У Джона звенело в ушах, но настроение слегка исправилось. Теперь он был слишком вымотан, чтобы злиться. Он вытер разбитый нос и хотел уже пойти в палатку – привести себя в порядок и переодеться, – но вспомнил, что там его наверняка поджидает ребенок, а ему лучше в таком виде не показываться.
Так что он побрел к отрядному рукомойнику и там плескался – хотя слово «плескаться» вряд ли для рукомойника подходило, воды у них всегда было в обрез… И не заметил, как к нему подошел Маркус. Джону иногда казалось, что незаметность – профессиональное качество советника, натренированное еще во дворце. Промокнув лицо полотенцем – вроде бы кровь больше не идет, – Джон повернулся к нему.
– Я вас слушаю, советник.
– Ваше высочество. Я привез то, что вы просили.
В переводе – деньги. Раз советник все равно ездил вниз, Джон попросил его зайти в банк.
Казначеем в отряде значился Рейли, когда-то учивший бухгалтерское дело. Он тщательно собирал все полученное и за стройку, и за сопровождение, и за то, что в их банде называлось «конфискацией». Все это отправлялось на банковский счет в Салхе. В последнее время выручки было не так много, а расходов – порядочно. Но сейчас не время просить ребят потерпеть.
– А то, что я просил узнать?
– По «Новому порядку» очень мало сведений, ваше высочество. – Маркус ненавязчиво забрал у него полотенце.
– Отчего-то я так и знал. Пойдемте прогуляемся.
– Вам бы лучше одеться, сэр. Вечер прохладный.

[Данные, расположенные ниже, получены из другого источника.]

lemma sens_lambda_mult_cross_form_le:
  "sens_lambda n f * cross_form m g u v c
     \<le> sens_lambda (n * m) (pcomp n m f g) * L2_set u (val_set m g c) * L2_set v (val_set m g (\<not> c))"
proof -
  define \<alpha> where "\<alpha> = L2_set u (val_set m g c)"
  define \<delta> where "\<delta> = L2_set v (val_set m g (\<not> c))"
  show ?thesis
  proof (cases "\<alpha> = 0 \<or> \<delta> = 0")
    case True
    then have "u a = 0 \<or> v b = 0" if "a \<in> val_set m g c" "b \<in> sens_nbrs m g a" for a b
      using that sens_edge_val_set[of a m g c b] finite_val_set
      unfolding \<alpha>_def \<delta>_def by (auto simp: L2_set_eq_0_iff)
    then have "cross_form m g u v c = 0"
      unfolding cross_form_def by (auto simp: sum_distrib_left intro!: sum.neutral)
    then show ?thesis
      using sens_lambda_nonneg by (simp add: \<alpha>_def \<delta>_def)
  next
    case False
    then have pos: "\<alpha> > 0" "\<delta> > 0"
      unfolding \<alpha>_def \<delta>_def using L2_set_nonneg by (metis less_eq_real_def)+
    define w where "w a = (if g a = Some c then u a / \<alpha> else v a / \<delta>)" for a
    have w_c: "w a = u a / \<alpha>" if "a \<in> val_set m g c" for a
      using that by (simp add: w_def val_set_def)
    have w_Not_c: "w a = v a / \<delta>" if "a \<in> val_set m g (\<not> c)" for a
      using that by (auto simp: w_def val_set_def)
    have "L2_set w (val_set m g c') = 1" for c'
    proof (cases "c' = c")
      case True
      then show ?thesis
        using L2_set_divide_self[of u "val_set m g c"] pos
        by (simp add: w_c \<alpha>_def cong: L2_set_cong)
    next
      case False
      then have "c' = (\<not> c)"
        by simp
      then show ?thesis
        using L2_set_divide_self[of v "val_set m g (\<not> c)"] pos
        by (simp add: w_Not_c \<delta>_def cong: L2_set_cong)
    qed
    then have "sens_lambda n f * cross_form m g w w c \<le> sens_lambda (n * m) (pcomp n m f g)"
      by (rule sens_lambda_mult_cross_form_self_le)
    moreover have "cross_form m g w w c = cross_form m g u v c / (\<alpha> * \<delta>)"
      unfolding cross_form_def sum_divide_distrib
      using w_c w_Not_c sens_edge_val_set[of _ m g c]
      by (intro sum.cong refl) (auto simp: sum_divide_distrib[symmetric])
    ultimately show ?thesis
      using pos by (simp add: \<alpha>_def \<delta>_def pos_divide_le_eq mult_ac)
  qed
qed

lemma sens_lambda_mult_adj_form_le:
  "sens_lambda n f * adj_form (pdom m g) (sens_edge m g) u v
     \<le> sens_lambda (n * m) (pcomp n m f g) * L2_set u (pdom m g) * L2_set v (pdom m g)"
proof -
  define L where "L = sens_lambda (n * m) (pcomp n m f g)"
  define U where "U c = L2_set u (val_set m g c)" for c
  define V where "V c = L2_set v (val_set m g (\<not> c))" for c
  have "sens_lambda n f * adj_form (pdom m g) (sens_edge m g) u v
      = (\<Sum>c\<in>UNIV. sens_lambda n f * cross_form m g u v c)"
    by (simp add: adj_form_eq_sum_cross_form sum_distrib_left)
  also have "\<dots> \<le> (\<Sum>c\<in>UNIV. L * (U c * V c))"
    unfolding L_def U_def V_def using sens_lambda_mult_cross_form_le
    by (intro sum_mono) (simp add: mult.assoc)
  also have "\<dots> \<le> L * (L2_set U UNIV * L2_set V UNIV)"
    unfolding sum_distrib_left[symmetric] L_def
    by (intro mult_left_mono sum_mult_le_L2_set sens_lambda_nonneg)
  also have "L2_set V UNIV = L2_set v (pdom m g)"
    unfolding V_def L2_set_pdom_val_set[of v] by (simp add: UNIV_bool L2_set_def add.commute)
  finally show ?thesis
    by (simp add: U_def L2_set_pdom_val_set[of u] L_def mult_ac)
qed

Он хотел огрызнуться, но и верно – ребятам простуженный командир ни к чему. Джон набросил куртку на голое тело.
Здесь темнело рано, листва и трава стали уже из зеленых темно-серыми. Рейн зажег в кухонном вагончике свет. Джон повел советника к толстому ряду кипарисов у обрыва – слегка на отшибе, можно поговорить, не опасаясь, что помешают или подслушают. Он прислонился спиной к теплому стволу и рассеянно глядел вниз, в каменистое ущелье. Ущелье это постепенно переходило в более пологий склон, иссеченный горными ручьями; далеко, если приглядеться, виднелись домики здешних овцеводов – тех, кто вежливо и упорно не замечал Джона и его компанию. Еще ниже – брошенная деревенька, а на горизонте, в алой полосе заходящего солнца, – Салха.
Когда он думал, что хочет видеть весь мир у своих ног, он представлял это немного по-другому…
– Что вы нашли?
– Практически ничего, – покачал головой советник и вытащил из нагрудного кармана флешку. – Я сохранил все, что показалось мне хоть в какой-то мере полезным. Но полезного мало, сами увидите… «Нойе Орднунг» – так называлось одно из тайных подразделений гитлеровской армии. Создано в тридцатых годах. Работали они с сомнительными материалами – знаете, золото Рейна, волшебство древних асов, вот это все. Гитлер был известным мистиком… Насколько я понял, в «Нойе Орднунг» пытались вырастить его мечту – сверхчеловека. Сверхсолдата. Видимо, не очень успешно, потому что в сорок четвертом их закрыли.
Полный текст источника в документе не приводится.